Carol, I don’t know how I forgot to include the Flecks in my story. Of course we learned a great deal about Norwegian culture from Mrs. Fleck. My mother has stayed in touch with her all these years, though she has a different name now. I saw her last fall at my father’s memorial. Her daughter converted to Orthodox Judaism, so that is another example of the two ethnic groups influencing each other.
We also had a touch of Norway on our block — remember your next door neighbor Mrs. Fleck from Norway? Thanks for continuing this interesting discussion. I think by the time I got to Von, the Swedish kids outnumbered the Jewish kids, as most of the Jewish families had already moved out to the suburbs. They were nice kids and I always admired their sense of community and heritage (and, of course, the cool clogs!). It would be interesting to know more about the history of Andersonville. My father had his business there(on Clark Street), but I always remember hearing Spanish, not Swedish, being spoken on the streets. (I agree that the lingonberry pancakes at Ann Sathers are great!)
Crushes count. The fifties would have been a good time to study the area: the Jewish population was booming and the Scandinavian population was aging, assimiliating and moving away. Part of the reason few of our Scandinavian classmates spoke their native languages may have been that they were were third and fourth generation Swedish-Americans. As early as 1899, the founding fathers of the church at North Park were lamenting services would have to be conducted in English because “so many young people could not understand a Swedish sermon.” (“Building a Swedish Community in Chicago,” Anita Olson Gustafson http://www.jstor.org/stable/27501277)

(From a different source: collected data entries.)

lemma rho_pos: "q \<in> U \<Longrightarrow> rho f q > 0"
  using umbilic_free unfolding umbilic_free_def by blast

lemma smooth_on_rho: "smooth_on U (rho f)"
proof -
  have "smooth_on U (\<lambda>q. sqrt (2 * (sff_norm2 f q - 2 * (norm (meancurv f q))\<^sup>2)))"
    using rho_pos unfolding rho_def by (intro smooth_on_sqrt[OF open_U smooth_on_rho_squared]) simp
  then show ?thesis by (simp add: rho_def[abs_def])
qed

lemma det_moeb_metric_pos: "q \<in> U \<Longrightarrow> det (moeb_metric f q) > 0"
  unfolding det_moeb_metric by (intro mult_pos_pos zero_less_power rho_pos det_gmat_pos)

lemma smooth_on_gmat: "smooth_on U (\<lambda>q. gmat f q $ a $ b)"
  by (rule metric_field.smooth_entries[OF gmat_metric_field])

lemma moeb_metric_field: "metric_field U (moeb_metric f)"
proof
  show "smooth_on U (\<lambda>q. moeb_metric f q $ a $ b)" for a b
    unfolding moeb_metric_def power2_eq_square
    by (simp add: smooth_on_mult smooth_on_rho smooth_on_gmat open_U)
  show "det (moeb_metric f q) \<noteq> 0" if "q \<in> U" for q using det_moeb_metric_pos[OF that] by simp
qed (use open_U moeb_metric_symmetric in auto)

lemma moeb_sff_normal_field: "normal_field U f (\<lambda>q. moeb_sff f q a b)"
proof -
  have "smooth_on U (\<lambda>q. moeb_sff f q a b)"
    unfolding moeb_sff_def
    by (intro smooth_on_scaleR smooth_on_diff smooth_on_rho smooth_on_sff smooth_on_gmat smooth_on_meancurv open_U)
  then show ?thesis
    unfolding normal_field_def by (simp add: moeb_sff_def inner_diff_left sff_normal meancurv_normal)
qed

lemma matrix_inv_moeb_metric:
  assumes "q \<in> U"
  shows "matrix_inv (moeb_metric f q) $ a $ b = ginv f q $ a $ b / (rho f q)\<^sup>2"
proof -
  have "det (gmat f q) \<noteq> 0" "det (moeb_metric f q) \<noteq> 0" "rho f q \<noteq> 0"
    using det_gmat_pos[OF assms] det_moeb_metric_pos[OF assms] rho_pos[OF assms] by auto
  moreover have "moeb_metric f q $ a $ b = (rho f q)\<^sup>2 * gmat f q $ a $ b" for a b
    by (simp add: moeb_metric_def)
  ultimately show ?thesis
    unfolding ginv_def using exhaust_2[of a] exhaust_2[of b]
    by (auto simp: matrix_inv_2x2 det_moeb_metric power4_eq_xxxx power2_eq_square)
qed

lemma moeb_sff_traceless:
  assumes "q \<in> U"
  shows "(\<Sum>a\<in>UNIV. \<Sum>b\<in>UNIV. matrix_inv (moeb_metric f q) $ a $ b *\<^sub>R moeb_sff f q a b) = 0"
proof -
  have "(\<Sum>a\<in>UNIV. \<Sum>b\<in>UNIV. ginv f q $ a $ b *\<^sub>R moeb_sff f q a b)
     = rho f q *\<^sub>R ((\<Sum>a\<in>UNIV. \<Sum>b\<in>UNIV. ginv f q $ a $ b *\<^sub>R sff f q a b)
        - (\<Sum>a\<in>UNIV. \<Sum>b\<in>UNIV. ginv f q $ a $ b * gmat f q $ a $ b) *\<^sub>R meancurv f q)"
    by (simp add: moeb_sff_def scaleR_diff_right scaleR_sum_right scaleR_sum_left sum_subtractf mult_ac)
  also have "\<dots> = 0"
    by (simp add: trace_ginv_gmat[OF assms] meancurv_def)
  finally have "(\<Sum>a\<in>UNIV. \<Sum>b\<in>UNIV. ginv f q $ a $ b *\<^sub>R moeb_sff f q a b) = 0" .
  moreover have "(\<Sum>a\<in>UNIV. \<Sum>b\<in>UNIV. (ginv f q $ a $ b / (rho f q)\<^sup>2) *\<^sub>R moeb_sff f q a b)
      = inverse ((rho f q)\<^sup>2) *\<^sub>R (\<Sum>a\<in>UNIV. \<Sum>b\<in>UNIV. ginv f q $ a $ b *\<^sub>R moeb_sff f q a b)"
    by (simp add: scaleR_sum_right divide_inverse mult.commute)
  ultimately show ?thesis by (simp add: matrix_inv_moeb_metric[OF assms])
qed

lemma moeb_sff_nonzero:
  assumes "q \<in> U"
  shows "\<exists>a b. moeb_sff f q a b \<noteq> 0"
proof (rule ccontr)
  assume "\<not> (\<exists>a b. moeb_sff f q a b \<noteq> 0)"
  then have "sff f q a b = gmat f q $ a $ b *\<^sub>R meancurv f q" for a b
    using rho_pos[OF assms] by (auto simp: moeb_sff_def)
  then have "sff_norm2 f q = 2 * inner (meancurv f q) (meancurv f q)" by (rule sff_norm2_umbilic[OF assms])
  then have "rho f q = 0" unfolding rho_def by (simp add: power2_norm_eq_inner)
  then show False using rho_pos[OF assms] by simp
qed

lemma moeb_gauss_eq_riemann:
  "moeb_gauss f p = (\<Sum>c\<in>UNIV. riemann (moeb_metric f) p 1 2 2 c * moeb_metric f p $ c $ 1)
     / det (moeb_metric f p)"
  unfolding moeb_gauss_def moeb_curv_eq_riemann ..

lemma moeb_gauss_eq_0_iff:
  assumes p: "p \<in> U"
  shows "moeb_gauss f p = 0 \<longleftrightarrow> (\<forall>i j k c. moeb_curv f p i j k c = 0)"
proof
  interpret metric_field U "moeb_metric f" by (rule moeb_metric_field)
  assume "moeb_gauss f p = 0"
  then have "(\<Sum>c\<in>UNIV. riemann (moeb_metric f) p 1 2 2 c * moeb_metric f p $ c $ 1) = 0"
    using det_moeb_metric_pos[OF p] unfolding moeb_gauss_eq_riemann by simp
  then have R12: "riemann (moeb_metric f) p 1 2 k c = 0" for k c
    by (rule metric_skew_2x2_eq_0[OF det_nonzero[OF p] symmetric riemann_lowered_skew[OF p]])
  have "riemann (moeb_metric f) p i j k c = 0" for i j k c
  proof -
    consider "i = j" | "i = 1" "j = 2" | "i = 2" "j = 1" using exhaust_2[of i] exhaust_2[of j] by auto
    then show ?thesis using R12 riemann_diag riemann_antisym[of "moeb_metric f" p 1 2] by cases auto
  qed
  then show "\<forall>i j k c. moeb_curv f p i j k c = 0" unfolding moeb_curv_eq_riemann by blast
qed (simp add: moeb_gauss_def)

lemma moeb_gauss_eq_0_if_curvature_annihilates_moeb_sff:
  assumes p: "p \<in> U"
    and annihilated: "\<And>k l. (\<Sum>c\<in>UNIV. moeb_curv f p 1 2 k c *\<^sub>R moeb_sff f p c l)
                          + (\<Sum>c\<in>UNIV. moeb_curv f p 1 2 l c *\<^sub>R moeb_sff f p k c) = 0"
  shows "moeb_gauss f p = 0"
proof (rule ccontr)
  interpret metric_field U "moeb_metric f" by (rule moeb_metric_field)
  assume "moeb_gauss f p \<noteq> 0"
  then have "(\<Sum>c\<in>UNIV. riemann (moeb_metric f) p 1 2 2 c * moeb_metric f p $ c $ 1) \<noteq> 0"
    unfolding moeb_gauss_eq_riemann by auto
  moreover have "moeb_sff f p 2 1 = moeb_sff f p 1 2"
    by (rule moeb_sff_symmetric[OF p])
  ultimately have "moeb_sff f p a b = 0" for a b
    by (rule metric_skew_2x2_annihilates_traceless[OF det_moeb_metric_pos[OF p] symmetric
        riemann_lowered_skew[OF p] _ _ annihilated[unfolded moeb_curv_eq_riemann] moeb_sff_traceless[OF p]])
  then show False using moeb_sff_nonzero[OF p] by blast
qed

end

end

theorem corollary2p2:
  fixes U :: "(real^2) set" and f :: "real^2 \<Rightarrow> 'e::euclidean_space"
  assumes "immersion_on U f"
    and "umbilic_free U f"
    and "flat_normal_bundle U f"
  shows "semi_parallel_moeb_sff U f \<longleftrightarrow> (\<forall>p\<in>U. moeb_gauss f p = 0)"
proof -
  have flat: "normal_curv f (\<lambda>q. moeb_sff f q k l) p i j = 0" if "p \<in> U" for p i j k l
    using assms(3) moeb_sff_normal_field[OF assms(1,2)] that unfolding flat_normal_bundle_def by blast
  have semi_parallel_iff: "semi_parallel_moeb_sff U f \<longleftrightarrow> (\<forall>p\<in>U. \<forall>i j k l.
      (\<Sum>c\<in>UNIV. moeb_curv f p i j k c *\<^sub>R moeb_sff f p c l)
      + (\<Sum>c\<in>UNIV. moeb_curv f p i j l c *\<^sub>R moeb_sff f p k c) = 0)"
    unfolding semi_parallel_moeb_sff_def by (simp add: flat algebra_simps neg_eq_iff_add_eq_0)
  show ?thesis
  proof
    assume "semi_parallel_moeb_sff U f"
    then show "\<forall>p\<in>U. moeb_gauss f p = 0"
      using moeb_gauss_eq_0_if_curvature_annihilates_moeb_sff[OF assms(1,2)] semi_parallel_iff by blast
  next
    assume "\<forall>p\<in>U. moeb_gauss f p = 0"
    then show "semi_parallel_moeb_sff U f"
      unfolding semi_parallel_iff using moeb_gauss_eq_0_iff[OF assms(1,2)] by simp
  qed
qed
end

Do my intense crushes on several Swedish girls at Peterson School count as Swedish influences? The accidental mixing of those two cultures in our neighborhood would have made a fascinating sociological study. I know of several Jewish-Swedish marriages that resulted. Swedish pancakes with lingonberries is one of my all-time Chicago favs, whether it’s Ann Sather’s or Tre Kronor’s. And I always liked gravlax AND regular Jewish lox! Jews and Swedes bonding through smoked salmon? Amazing to think that at one time Chicago was the city with the second largest population of Swedes (after Stockholm). But in my experience, the Swedish kids didn’t seem as connected to their Swedish roots as did, say, my Polish friends. The only one I remember who could speak Swedish was Karen Soneson, and that’s just because she went to live there for a while.